Il a pu en quelques années me communiquer la finalité de ses passions : « sa quête incessante du sens de l’homme ». Il critiquait à souhait les codes et les lois qui régissent nos sociétés, il en parlait savamment en tant qu’avocat.

Il a su développer ses théories à travers ses écrits, ses peintures, ses recherches bibliques. Je ne pense pas qu’un seul domaine ne lui ait échappé.

Il avait une âme de collectionneur, son capharnaüm regorgeait de livres et d’objets hétéroclites. Il y gardait les moindres traces laissées par ses ancêtres.

"Capharnaum" plaque de laiton fixée au sol à l'entrée du deuxième capharnaüm.
« Capharnaum » plaque de laiton fixée au sol à l’entrée du deuxième capharnaüm.

Il vivait avec passion sa vie. Il aimait les courses automobiles et avait possédé les plus belles voitures de son époque. Sa dernière voiture fut une 2cv, qu’il appelait la « Rolls française ».

Du temps de nos échanges, je garde le précieux souvenir, de la petite salle à manger du second étage qui résonnait du son de ses horloges, sur la desserte trônaient dans une corbeille, des bananes séchées et des nèfles d’hiver et dans sa vitrine s’étalaient toutes sortes de merveilles. C’est là qu’il me recevait avec sa femme. Il logeait dans une maison bourgeoise, mystérieuse et obscure. Dès l’entrée, une étrange atmosphère se faisait sentir. Tout le long des escaliers étroits, les murs étaient couverts de tableaux du Maître et de marines représentant les navires de ses ancêtres.

L’homme m’impressionnait par son allure, son port de tête majestueux, sa main blanche qui venait caresser sa barbe légendaire ou sa pipe. Il irradiait de bonheur et de gravité. Il suscitait le respect. Tel un Patriarche, il prodiguait sa tendre affection par une imposition des mains au-dessus de vos fronts et vous communiquait sa force, lors de trop grandes séparations. « J’ai gardé l’horreur des départs, de tous les départs, des séparations, si courtes qu’elles doivent être. Je les sens comme définitives, éternelles. » (Les Piquants du marron. P.C).

Il portait en lui un autre monde, il travaillait la nuit. Il naviguait entre Rêves et Réalités et il le disait :

« Chaque être humain est un monde, toujours intéressant à explorer, différent de tous les autres.

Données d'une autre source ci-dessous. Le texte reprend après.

theorem proposition4p7:
  fixes s :: "complex \<Rightarrow> 'a::ab_group_add \<Rightarrow> 'a"
    and br :: "'a \<Rightarrow> 'a \<Rightarrow> 'a" and al :: "'a \<Rightarrow> 'a"
    and a b c :: "int \<Rightarrow> 'a" and m n :: nat
  assumes "hom_lie s br al"
  shows "jprod s br n (dderiv s a) b = (\<lambda>k. - s (of_nat n) (jprod s br (n - 1) a b k)) \<and>
         jprod s br n a (dderiv s b) =
           (\<lambda>k. dderiv s (jprod s br n a b) k + s (of_nat n) (jprod s br (n - 1) a b k)) \<and>
         (local_pair s br a b \<longrightarrow>
           jprod s br n a b =
           (\<lambda>k. - Sum_any (\<lambda>i::nat. s ((-1) ^ (n + i) / fact i)
                                     ((dderiv s ^^ i) (jprod s br (n + i) b a) k)))) \<and>
         jprod s br m (amap al a) (jprod s br n b c) =
           (\<lambda>k. jprod s br n (amap al b) (jprod s br m a c) k +
                (\<Sum>i\<le>m. s (of_nat (m choose i)) (jprod s br (m + n - i) (jprod s br i a b) (amap al c) k)))"
proof -
  interpret hom_lie_algebra s br al
    by (rule hom_lie_algebra.intro) (fact assms)
  show ?thesis
    by (intro conjI impI ext jprod_dderiv_left jprod_dderiv_right jprod_skew_symmetry jprod_hom_jacobi)
qed

end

Quand cet être sait se décrire, s’analyser, son œuvre est originale, unique ».

« Chimères dans mon ciel, son sujet, c’est Moi ! » P.C

Avant de vous entraîner dans son univers, je tiens à remercier amicalement sa famille et chaleureusement sa fille madame Jeanne Corazza qui m’a prêté ses archives et ses plaques photographiques tirées du fonds Coutras et m’a communiqué ses souvenirs. Elle ne ménage pas sa peine, pour garder vivante sa mémoire.                           

Christiane Aragonais-Rey, Marseille, le 12 janvier 2000.

A la fin de son livre, Christiane écrivait :

Je laisse cette page aux futurs lecteurs, car je ne doute pas qu’ils aient de nombreuses anecdotes à nous transmettre.